У всех свои палки
– Вчера всё, что блестит, объявлено золотом. Я еще не знаю, как относиться к этому, но каменный ужас объял меня и что-то нашёптывает прямо в ухо. Ужас ведёт себя нагло, как хулиган в подворотне, но я чувствую, что впереди кое-что похуже. Надо, внученька, послушать новости. Возможно, что-то произойдёт и в жизни бриллиантов. Может, их объявят газами.
Бабушка зажмурилась.
– Ничего страшного, – говорит внучка. – Всё едино.
Это диалог другого дня. Полнота, эмоции. Прекрасный день.
За окном громыхнуло фейерверком. Взвились рассыпчатые ракеты. Посыпались цветные веники. Комната озарилась.
«Может. Возможно. Могучий. Могущество. Мочь. Мощь. Мощи.
Власть. О, как её хотят мои соплеменники! А недавние выборы! Огромная толпа кандидатов шевелилась облаком планктона под носом у голубого кита. Болтливый мелкий криль. Пока животное готовилось к завтраку, спесивый корм вёл яростные и нелицеприятные дебаты об устройстве прекрасной жизни в окружающем океане. Потом громадный зверь втянул полморя солёной воды вместе с дебатирующим крилем – и выплюнул очищенную воду. Теперь – тишина. Переваривание».
Я сказала бабушке, что мне привиделся голубой кит.
– Это детское сравнение, – ответила она. – Нам за такое поставили бы неуд. И зачем ты думаешь о власти…
– А мне нравится. Вся страна теперь будет смотреть в тоскливо-щенячьи глаза остатнего непереваренного планктона. И как не надоело! Непереваренного – всего-то несколько штук особей, остальные прошли с потоком, но эти самые некоторые, оставшиеся за губой, вне китовой утробы, почему-то чуть не плачут. У них теперь – зеленоватые обвисшие скулы, и возраст появился. Волосы белеют даже у самых отпетых брюнетов. Чудо-юдо-рыба-кит, такое большое и могучее, могутное, мощное, возможностное животное, полное чарующих тайн, почему-то привлекает этих страдальцев исключительно своей утробой! Манит внутрь, в темноту, в изоляцию. Чудно. Невероятно.
Я закипела, разговорилась, а бабушка терпеливо ждёт. Потом поправляет меня:
– В утробе кашалота – не кита голубого, а кашалота, – находится драгоценная амбра. Как ни прозаичен его кишечник, амбра закрепляет аромат парфюма навек. Мстительный кашалот может целиком, не жуя, проглотить человека. А голубой кит не может. Говорю же, твоё сравнение путаное, поверхностное, без глубины. Журнали-и-и-и-стка! Из тебя вряд ли получится литератор. Ты, случаем, не демократка?
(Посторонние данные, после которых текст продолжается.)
(* Every reduced spherical curve $P$ has at least one of the following: (i) a bigon; (ii) a trigon $R$ and a region $R'\neq R$ such that $R'$ is a trigon or a $4$-gon and $R'$ shares an edge or a crossing with $R$. Here the regions sharing an edge or a crossing with a trigon are the six regions around it: three share an edge with it, and three are diagonally opposite to it at its crossings.
   Context: A spherical curve is a smooth immersion $P:S^1\to S^2$ whose self-intersections are finitely many transverse double points, called crossings. It has at least one crossing. Regions are the components of $S^2\setminus P(S^1)$, and edges are the arcs of the curve between consecutive crossings. An $n$-gon is a region whose boundary consists of $n$ edges; a bigon is a $2$-gon and a trigon is a $3$-gon. A crossing $p$ is reducible if only three distinct regions (rather than four) meet at $p$; equivalently, no other crossing is interlaced with $p$ in the Gauss word. $P$ is reduced if it has no reducible crossing. *)

theory Defs
  imports "HOL-Combinatorics.Permutations"
begin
Давай опять поговорим о мужчинах?
– Ну… давай, – печально согласилась я. Бабушка всегда права. – Говори. Если уж о власти не хочешь.
– В Америке был большой чиновник, ныне пенсионер, Генри, очень умный, высокооплачиваемый. Он однажды сказал в интервью, что самый верх мужской сексапильности – власть.
– Бабушка!
– Я сама читала. Лет десять назад. У нас в стране тогда уже можно было печатать всякие американские признания, поскольку отменили цензуру. Я газету с интервью Генриным давно потеряла, точнее, выбросила, поскольку тогда было очень много газет с половыми вопросами и ответами; бедная публика насыщалась пылью, оставшейся от запретов прошлого. И я тоже.
– Бабушка! «Пыль от запретов» – это литературщина. Бездарная.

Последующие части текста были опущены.